In normal individuals the idea of love is inseparably associated with tenderness, caressing gestures, words or glances, readiness on the part of either mate to go to extremes in order to enhance the loved one's enjoyment of the amorous relationship, or to protect him against all dangers or suffering.

In normal individuals, love and suffering are antithetic terms, love meaning joy and pleasure, (sexual and egotistical), suffering being only conceivable when the craving for love is ungratified, when the lonely lovers are parted by life, when one of them has been robbed by death of his mate, etc.

Algolagnists. There are abnormal human beings, however, known technically as algolagnists (from algos, pain, and lagneia, enjoyment), who cannot imagine or enjoy love when it is entirely dissociated from some form of suffering.

The active algolagnists must inflict some pain, physical or mental, upon their mate in order to enjoy the pleasures of love to their full extent. The passive algolagnists only attain the highest degree of amorous satisfaction when they are submitted by their mate to painful or humiliating treatment.

Active algolagnists are known more commonly as "sadists," an expression created by Moreau de Tours. Krafft-Ebing, the most famous writer on sexual perversions coined for passive algolagnists the expression "masochists."

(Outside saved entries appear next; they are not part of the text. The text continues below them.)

text \<open>Replacing column \<open>j\<close> of \<open>W\<close> by \<open>W b\<close>, and then column \<open>i\<close> of the transpose by its
  product with \<open>a\<close>, multiplies \<open>det W\<close> by \<open>a\<^sub>i b\<^sub>j\<close>; the result has row \<open>j\<close> and column \<open>i\<close>
  divisible by \<open>q\<close>, meeting in the entry \<open>a \<bullet> W b\<close>.\<close>

lemma sq_dvd_det_if_kernels_orthogonal:
  fixes W :: "int mat" and q :: int
  assumes W: "W \<in> carrier_mat n n" and a: "a \<in> carrier_vec n" and b: "b \<in> carrier_vec n"
    and q: "prime q"
    and Wa: "vec_dvd q (transpose_mat W *\<^sub>v a)" and Wb: "vec_dvd q (W *\<^sub>v b)"
    and i: "i < n" "\<not> q dvd a $ i" and j: "j < n" "\<not> q dvd b $ j"
    and orth: "q^2 dvd a \<bullet> (W *\<^sub>v b)"
  shows "q^2 dvd det W"
proof -
  define W1 where "W1 = replace_col W (W *\<^sub>v b) j"
  define M where "M = replace_col (transpose_mat W1) (transpose_mat W1 *\<^sub>v a) i"
  have W1: "W1 \<in> carrier_mat n n"
    using W by (simp add: W1_def replace_col_def)
  have W1a: "(transpose_mat W1 *\<^sub>v a) $ r
      = (if r = j then a \<bullet> (W *\<^sub>v b) else (transpose_mat W *\<^sub>v a) $ r)" if "r < n" for r
    using W a b that
    by (auto simp: W1_def replace_col_def scalar_prod_def mult.commute intro: sum.cong)
  have "det M = (a $ i * b $ j) * det W"
    using cramer_lemma_mat[of "transpose_mat W1" n a i] cramer_lemma_mat[OF W b j(1)] W1 a i
    by (simp add: M_def W1_def det_transpose)
  moreover have "q^2 dvd det M"
  proof (rule sq_dvd_det_if_row_col_dvd[of M n i j])
    have orth': "q dvd a \<bullet> (W *\<^sub>v b)"
      using orth by (simp add: power2_eq_square dvd_mult_left)
    show "q dvd M $$ (j, k)" if "k < n" for k
      using that i j W1 W1a[of j] orth' Wb W
      by (auto simp: M_def W1_def replace_col_def vec_dvd_def)
    show "q dvd M $$ (k, i)" if "k < n" for k
      using that i j W1 W1a[of k] orth' Wa W
      by (auto simp: M_def replace_col_def vec_dvd_def)
    show "q^2 dvd M $$ (j, i)"
      using i j W1 W1a[of j] orth by (simp add: M_def replace_col_def)
  qed (use W1 i j in \<open>simp_all add: M_def replace_col_def\<close>)
  moreover have "\<not> q dvd a $ i * b $ j"
    using i j q by (simp add: prime_dvd_mult_iff)
  ultimately show ?thesis
    using prime_sq_dvd_mult_cancel[OF q] by metis
qed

The word sadist is derived from the name of Marquis de Sade, a French pervert of the eighteenth century, whose life and writings well illustrate the form of love which is constantly associated with acts of cruelty.

Donatien Alphonse François de Sade was born in Paris, June 2 1740, the offspring of an aristocratic family of Provence. Among his ancestors was the Laura of Petrarca's sonnets.

At fourteen, he joined a cavalry regiment. He went thru the Seven Years War during which he witnessed the most ruthless atrocities. On his return, at the age of twenty-seven, he married, but soon after his marriage was arrested for some deed of cruelty committed in a house of prostitution.

His father's death left him heir to an important government position but his life of excesses gave him little time to attend to his duties.